- _What you will do_: Your response should reproduce every line of the entries that contains the word "Longrightarrow".

[Dataset items]
lemma elinear_uminus: "elinear T \<Longrightarrow> T (- f) = - T f"
  by (simp add: elinear_def uminus_eq_escale)

lemma elinear_zero: "elinear T \<Longrightarrow> T 0 = 0"
  using elinear_escaleD[of T 0 0] by simp

lemma elinear_sum: "elinear T \<Longrightarrow> T (sum g A) = (\<Sum>x\<in>A. T (g x))"
  by (induction A rule: infinite_finite_induct) (simp_all add: elinear_zero elinear_def)

lemma elinear_elin: "elinear (elin h)"
  by (simp add: elinear_def elin_add elin_escale)

lemma elinear_comp: "elinear T \<Longrightarrow> elinear S \<Longrightarrow> elinear (\<lambda>f. T (S f))"
  by (simp add: elinear_def)

lemma elinear_escale: "elinear (escale c)"
  by (simp add: elinear_def escale_add escale_escale mult.commute)

lemma elinear_eq_elin: "elinear T \<Longrightarrow> T f = elin (\<lambda>a. T (egen a)) f"
proof -
  assume T: "elinear T"
  have "f = (\<Sum>a\<in>Poly_Mapping.keys f. escale (Poly_Mapping.lookup f a) (egen a))"
    by (rule poly_mapping_eqI)
       (simp add: lookup_sum escale_single lookup_single when_def in_keys_iff)
  then have "T f = (\<Sum>a\<in>Poly_Mapping.keys f. T (escale (Poly_Mapping.lookup f a) (egen a)))"
    by (metis elinear_sum[OF T])
  then show ?thesis
    by (simp add: elin_def elinear_escaleD[OF T])
qed

lemma elinear_eqI:
  assumes "elinear T" "elinear T'" "\<And>a. T (egen a) = T' (egen a)"
  shows "T f = T' f"
proof -
  have "T f = elin (\<lambda>a. T (egen a)) f" by (rule elinear_eq_elin[OF assms(1)])
  also have "\<dots> = elin (\<lambda>a. T' (egen a)) f" by (simp add: assms(3))
  also have "\<dots> = T' f" by (rule elinear_eq_elin[OF assms(2), symmetric])
  finally show ?thesis .
qed

lemma emul_eq_elin_left: "emul f g = elin (\<lambda>a. elin (\<lambda>b. egen (gmul a b)) g) f"
  unfolding emul_def elin_def by (simp add: escale_sum escale_single)

lemma emul_eq_elin_right: "emul f g = elin (\<lambda>b. elin (\<lambda>a. egen (gmul a b)) f) g"
proof -
  have "elin (\<lambda>b. elin (\<lambda>a. egen (gmul a b)) f) g =
      (\<Sum>b\<in>Poly_Mapping.keys g. \<Sum>a\<in>Poly_Mapping.keys f.
         Poly_Mapping.single (gmul a b) (Poly_Mapping.lookup f a * Poly_Mapping.lookup g b))"
    unfolding elin_def by (simp add: escale_sum escale_single mult.commute)
  then show ?thesis unfolding emul_def by (simp add: sum.swap[of _ "Poly_Mapping.keys g"])
qed

lemma elinear_emul_left: "elinear (\<lambda>f. emul f g)"
  by (simp add: emul_eq_elin_left elinear_elin)

lemma elinear_emul_right: "elinear (\<lambda>g. emul f g)"
  by (simp add: emul_eq_elin_right elinear_elin)

lemma emul_egen: "emul (egen a) (egen b) = egen (gmul a b)"
  by (simp add: emul_eq_elin_left elin_single)

lemma elinear_up: "elinear up"
  unfolding up_def by (rule elinear_elin)

lemma up_single: "up (Poly_Mapping.single a c) = Poly_Mapping.single (up_fgw a) c"
  unfolding up_def elin_single eword_def up_fgw_def by (simp add: escale_single)

lemma up_eword: "up (eword w) = eword (map up_letter w)"
  unfolding eword_def up_single up_fgw_word_of ..

lemma up_emul: "up (emul f g) = emul (up f) (up g)"
proof -
  have on_egen: "up (emul (egen a) g) = emul (up (egen a)) (up g)" for a
    by (rule elinear_eqI[OF elinear_comp[OF elinear_up elinear_emul_right]
                            elinear_comp[OF elinear_emul_right elinear_up]])
       (simp add: emul_egen up_single up_fgw_gmul)
  show ?thesis
    by (rule elinear_eqI[OF elinear_comp[OF elinear_up elinear_emul_left]
                            elinear_comp[OF elinear_emul_left elinear_up]])
       (rule on_egen)
qed

lemma elinear_qD: "elinear (qD R \<rho>)"
  unfolding qD_def by (rule elinear_elin)

lemma qD_single: "qD R \<rho> (Poly_Mapping.single a c) = escale c (qD_word R \<rho> (Rep_fgw a))"
  unfolding qD_def by (rule elin_single)

lemma elin_egen_KSO: "elin (\<lambda>a. egen (KSO a)) f = f"
  using elinear_eq_elin[of "\<lambda>f. f" f] by (simp add: elinear_def KSO_def)

lemma qD_word_KSO:
  "qD_word R KSO w = (\<Sum>j<length w.
     emul (emul (eword (take j w)) (rule_letter R (w ! j))) (up (eword (drop (Suc j) w))))"
  unfolding qD_word_def elin_egen_KSO ..

lemma rule_letter_up_letter:
  assumes "\<And>s i. R (s, Suc i) = escale qvar (up (R (s, i)))"
  shows "rule_letter R (up_letter l) = escale qvar (up (rule_letter R l))"
proof -
  obtain s i b where l: "l = ((s, i), b)" by (metis prod.exhaust)
  show ?thesis
    by (cases b)
       (simp_all add: l rule_letter_def up_letter_def assms elinear_uminus[OF elinear_up]
         up_emul up_eword elinear_uminus[OF elinear_escale]
         elinear_escaleD[OF elinear_emul_left] elinear_escaleD[OF elinear_emul_right])
qed

lemma qD_word_map_up_letter:
  assumes "\<And>s i. R (s, Suc i) = escale qvar (up (R (s, i)))"
  shows "qD_word R KSO (map up_letter w) = escale qvar (up (qD_word R KSO w))"
proof -
  have "escale qvar (up (emul (emul (eword (take j w)) (rule_letter R (w ! j)))
                               (up (eword (drop (Suc j) w))))) =
        emul (emul (eword (take j (map up_letter w))) (rule_letter R (map up_letter w ! j)))
             (up (eword (drop (Suc j) (map up_letter w))))"
    if "j < length w" for j
    using that
    by (simp add: take_map drop_map up_eword[symmetric] rule_letter_up_letter[OF assms] up_emul
        elinear_escaleD[OF elinear_emul_left] elinear_escaleD[OF elinear_emul_right])
  then show ?thesis
    by (simp add: qD_word_KSO elinear_sum[OF elinear_up] elinear_sum[OF elinear_escale])
qed

lemma qD_up:
  assumes "\<And>s i. R (s, Suc i) = escale qvar (up (R (s, i)))"
  shows "qD R KSO (up f) = escale qvar (up (qD R KSO f))"
  by (rule elinear_eqI[OF elinear_comp[OF elinear_qD elinear_up]
                          elinear_comp[OF elinear_escale elinear_comp[OF elinear_up elinear_qD]]])
     (simp add: up_single qD_single Rep_up_fgw qD_word_map_up_letter[OF assms])

lemma funpow_commute_escale:
  assumes T: "elinear T" and U: "elinear U" and TU: "\<And>f. T (U f) = escale c (U (T f))"
  shows "(T ^^ n) ((U ^^ m) f) = escale (c ^ (n * m)) ((U ^^ m) ((T ^^ n) f))"
proof -
  have T_Um: "T ((U ^^ m) g) = escale (c ^ m) ((U ^^ m) (T g))" for g
  proof (induction m)
    case (Suc m)
    then show ?case by (simp add: TU elinear_escaleD[OF U] escale_escale)
  qed simp
  show ?thesis
  proof (induction n)
    case (Suc n)
    then show ?case
      by (simp add: T_Um elinear_escaleD[OF T] escale_escale power_add mult.commute)
  qed simp
qed

theorem proposition4p6:
  fixes R :: "'s \<times> nat \<Rightarrow> ('s, 'k::{comm_ring_1, ring_char_0}) E"
    and \<rho> :: "'s fgw \<Rightarrow> 's fgw"
    and f :: "('s, 'k) E"
    and m n :: nat
  assumes "q_linear R \<rho>" and "m \<ge> 1" and "n \<ge> 1"
  shows "(qD R \<rho> ^^ n) ((up ^^ m) f) = escale (qvar ^ (n * m)) ((up ^^ m) ((qD R \<rho> ^^ n) f))"
proof -
  have "\<rho> = KSO" and "\<And>s i. R (s, Suc i) = escale qvar (up (R (s, i)))"
    using assms(1) unfolding q_linear_def by auto
  then have "qD R \<rho> (up g) = escale qvar (up (qD R \<rho> g))" for g
    using qD_up by blast
  then show ?thesis
    by (rule funpow_commute_escale[OF elinear_qD elinear_up])
qed

end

- _Response area_:
lemma elinear_uminus: "elinear T \<Longrightarrow> T (- f) = - T f"
lemma elinear_zero: "elinear T \<Longrightarrow> T 0 = 0"
lemma elinear_sum: "elinear T \<Longrightarrow> T (sum g A) = (\<Sum>x\<in>A. T (g x))"
lemma elinear_comp: "elinear T \<Longrightarrow> elinear S \<Longrightarrow> elinear (\<lambda>f. T (S f))"
lemma elinear_eq_elin: "elinear T \<Longrightarrow> T f = elin (\<lambda>a. T (egen a)) f"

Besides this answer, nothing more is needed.